Instructions to follow: Lines from the one containing "v x t) \<and>" through the end of the material below should be given again exactly, with no others.

....................

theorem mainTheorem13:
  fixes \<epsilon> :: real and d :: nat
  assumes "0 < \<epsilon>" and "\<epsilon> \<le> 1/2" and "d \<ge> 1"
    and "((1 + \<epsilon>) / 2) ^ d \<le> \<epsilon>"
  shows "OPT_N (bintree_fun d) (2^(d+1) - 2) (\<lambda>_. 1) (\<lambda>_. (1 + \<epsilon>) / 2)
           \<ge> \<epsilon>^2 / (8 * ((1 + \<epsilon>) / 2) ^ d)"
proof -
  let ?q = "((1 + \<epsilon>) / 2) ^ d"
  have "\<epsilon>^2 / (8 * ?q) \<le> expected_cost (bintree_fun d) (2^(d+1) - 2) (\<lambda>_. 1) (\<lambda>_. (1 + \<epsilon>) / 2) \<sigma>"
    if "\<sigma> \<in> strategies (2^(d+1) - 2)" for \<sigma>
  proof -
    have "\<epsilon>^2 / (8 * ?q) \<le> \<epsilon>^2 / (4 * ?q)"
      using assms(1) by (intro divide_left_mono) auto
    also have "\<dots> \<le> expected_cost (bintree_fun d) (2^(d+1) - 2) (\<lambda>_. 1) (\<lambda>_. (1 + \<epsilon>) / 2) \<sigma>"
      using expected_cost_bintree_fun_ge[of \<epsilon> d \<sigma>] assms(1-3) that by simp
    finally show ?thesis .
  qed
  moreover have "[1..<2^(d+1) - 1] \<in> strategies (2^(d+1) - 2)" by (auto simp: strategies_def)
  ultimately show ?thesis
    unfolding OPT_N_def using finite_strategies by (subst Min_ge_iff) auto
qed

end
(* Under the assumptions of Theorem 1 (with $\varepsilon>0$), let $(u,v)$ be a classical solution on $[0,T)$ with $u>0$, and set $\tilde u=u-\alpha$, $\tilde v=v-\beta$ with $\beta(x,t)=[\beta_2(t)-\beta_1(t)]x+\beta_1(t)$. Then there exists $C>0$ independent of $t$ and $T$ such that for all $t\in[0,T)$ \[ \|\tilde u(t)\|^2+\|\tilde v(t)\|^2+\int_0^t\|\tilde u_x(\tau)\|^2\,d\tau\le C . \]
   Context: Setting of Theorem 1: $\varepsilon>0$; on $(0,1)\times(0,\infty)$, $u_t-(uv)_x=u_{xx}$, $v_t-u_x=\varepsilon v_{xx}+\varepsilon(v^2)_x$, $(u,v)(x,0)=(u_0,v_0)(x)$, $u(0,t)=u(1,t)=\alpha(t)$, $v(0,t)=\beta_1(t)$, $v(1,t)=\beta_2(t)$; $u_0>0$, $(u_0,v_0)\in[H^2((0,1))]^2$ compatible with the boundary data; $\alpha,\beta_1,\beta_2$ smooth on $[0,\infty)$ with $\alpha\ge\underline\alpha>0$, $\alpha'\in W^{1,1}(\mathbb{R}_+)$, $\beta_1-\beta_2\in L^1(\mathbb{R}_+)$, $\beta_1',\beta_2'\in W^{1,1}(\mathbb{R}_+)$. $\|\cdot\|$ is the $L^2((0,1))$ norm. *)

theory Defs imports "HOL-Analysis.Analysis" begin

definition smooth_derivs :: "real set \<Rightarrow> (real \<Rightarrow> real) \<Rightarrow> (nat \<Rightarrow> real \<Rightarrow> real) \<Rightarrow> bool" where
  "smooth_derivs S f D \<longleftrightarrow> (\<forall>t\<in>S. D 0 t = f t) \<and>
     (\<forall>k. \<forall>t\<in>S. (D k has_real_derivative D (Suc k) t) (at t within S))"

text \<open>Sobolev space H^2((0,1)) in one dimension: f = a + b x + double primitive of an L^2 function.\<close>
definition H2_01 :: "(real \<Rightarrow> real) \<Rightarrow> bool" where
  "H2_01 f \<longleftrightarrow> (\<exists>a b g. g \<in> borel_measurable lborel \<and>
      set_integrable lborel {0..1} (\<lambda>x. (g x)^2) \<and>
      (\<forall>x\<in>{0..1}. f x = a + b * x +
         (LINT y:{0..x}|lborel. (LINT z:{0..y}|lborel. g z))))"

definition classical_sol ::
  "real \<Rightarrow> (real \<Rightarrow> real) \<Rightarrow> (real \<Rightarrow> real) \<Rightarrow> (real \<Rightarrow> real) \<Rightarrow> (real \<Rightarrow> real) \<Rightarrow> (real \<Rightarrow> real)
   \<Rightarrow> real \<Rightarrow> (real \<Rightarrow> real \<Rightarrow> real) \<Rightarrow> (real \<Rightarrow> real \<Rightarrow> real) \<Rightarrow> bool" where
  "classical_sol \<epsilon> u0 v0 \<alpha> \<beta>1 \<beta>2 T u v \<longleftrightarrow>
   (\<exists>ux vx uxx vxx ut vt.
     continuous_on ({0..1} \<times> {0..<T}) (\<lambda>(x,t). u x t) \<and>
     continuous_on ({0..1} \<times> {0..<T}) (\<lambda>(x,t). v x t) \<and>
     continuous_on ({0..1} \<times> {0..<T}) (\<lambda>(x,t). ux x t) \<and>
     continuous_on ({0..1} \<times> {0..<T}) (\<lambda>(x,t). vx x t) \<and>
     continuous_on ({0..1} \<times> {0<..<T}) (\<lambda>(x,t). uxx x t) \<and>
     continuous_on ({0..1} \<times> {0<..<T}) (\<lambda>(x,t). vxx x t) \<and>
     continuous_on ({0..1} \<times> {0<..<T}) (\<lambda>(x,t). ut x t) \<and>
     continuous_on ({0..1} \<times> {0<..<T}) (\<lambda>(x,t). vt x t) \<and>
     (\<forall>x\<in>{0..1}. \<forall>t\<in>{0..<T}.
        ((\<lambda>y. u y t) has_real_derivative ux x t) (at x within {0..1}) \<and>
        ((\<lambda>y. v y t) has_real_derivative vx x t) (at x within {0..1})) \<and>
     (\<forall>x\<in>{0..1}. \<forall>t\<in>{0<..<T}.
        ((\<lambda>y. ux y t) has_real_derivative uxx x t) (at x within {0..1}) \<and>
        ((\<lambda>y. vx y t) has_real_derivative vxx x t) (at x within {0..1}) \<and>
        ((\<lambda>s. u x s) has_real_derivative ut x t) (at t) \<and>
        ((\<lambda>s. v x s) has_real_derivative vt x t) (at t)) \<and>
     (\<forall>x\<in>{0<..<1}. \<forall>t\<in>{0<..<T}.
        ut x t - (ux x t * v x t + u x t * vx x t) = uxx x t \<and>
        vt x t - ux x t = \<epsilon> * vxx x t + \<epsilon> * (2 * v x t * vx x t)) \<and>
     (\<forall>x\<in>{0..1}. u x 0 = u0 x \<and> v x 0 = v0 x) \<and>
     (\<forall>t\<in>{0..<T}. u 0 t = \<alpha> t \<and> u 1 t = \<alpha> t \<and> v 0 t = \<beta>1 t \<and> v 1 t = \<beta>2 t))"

....................

Output:
     continuous_on ({0..1} \<times> {0..<T}) (\<lambda>(x,t). v x t) \<and>
     continuous_on ({0..1} \<times> {0..<T}) (\<lambda>(x,t). ux x t) \<and>
     continuous_on ({0..1} \<times> {0..<T}) (\<lambda>(x,t). vx x t) \<and>
     continuous_on ({0..1} \<times> {0<..<T}) (\<lambda>(x,t). uxx x t) \<and>
     continuous_on ({0..1} \<times> {0<..<T}) (\<lambda>(x,t). vxx x t) \<and>
     continuous_on ({0..1} \<times> {0<..<T}) (\<lambda>(x,t). ut x t) \<and>
     continuous_on ({0..1} \<times> {0<..<T}) (\<lambda>(x,t). vt x t) \<and>
     (\<forall>x\<in>{0..1}. \<forall>t\<in>{0..<T}.
        ((\<lambda>y. u y t) has_real_derivative ux x t) (at x within {0..1}) \<and>
        ((\<lambda>y. v y t) has_real_derivative vx x t) (at x within {0..1})) \<and>
     (\<forall>x\<in>{0..1}. \<forall>t\<in>{0<..<T}.
        ((\<lambda>y. ux y t) has_real_derivative uxx x t) (at x within {0..1}) \<and>
        ((\<lambda>y. vx y t) has_real_derivative vxx x t) (at x within {0..1}) \<and>
        ((\<lambda>s. u x s) has_real_derivative ut x t) (at t) \<and>
        ((\<lambda>s. v x s) has_real_derivative vt x t) (at t)) \<and>
     (\<forall>x\<in>{0<..<1}. \<forall>t\<in>{0<..<T}.
        ut x t - (ux x t * v x t + u x t * vx x t) = uxx x t \<and>
        vt x t - ux x t = \<epsilon> * vxx x t + \<epsilon> * (2 * v x t * vx x t)) \<and>
     (\<forall>x\<in>{0..1}. u x 0 = u0 x \<and> v x 0 = v0 x) \<and>
     (\<forall>t\<in>{0..<T}. u 0 t = \<alpha> t \<and> u 1 t = \<alpha> t \<and> v 0 t = \<beta>1 t \<and> v 1 t = \<beta>2 t))"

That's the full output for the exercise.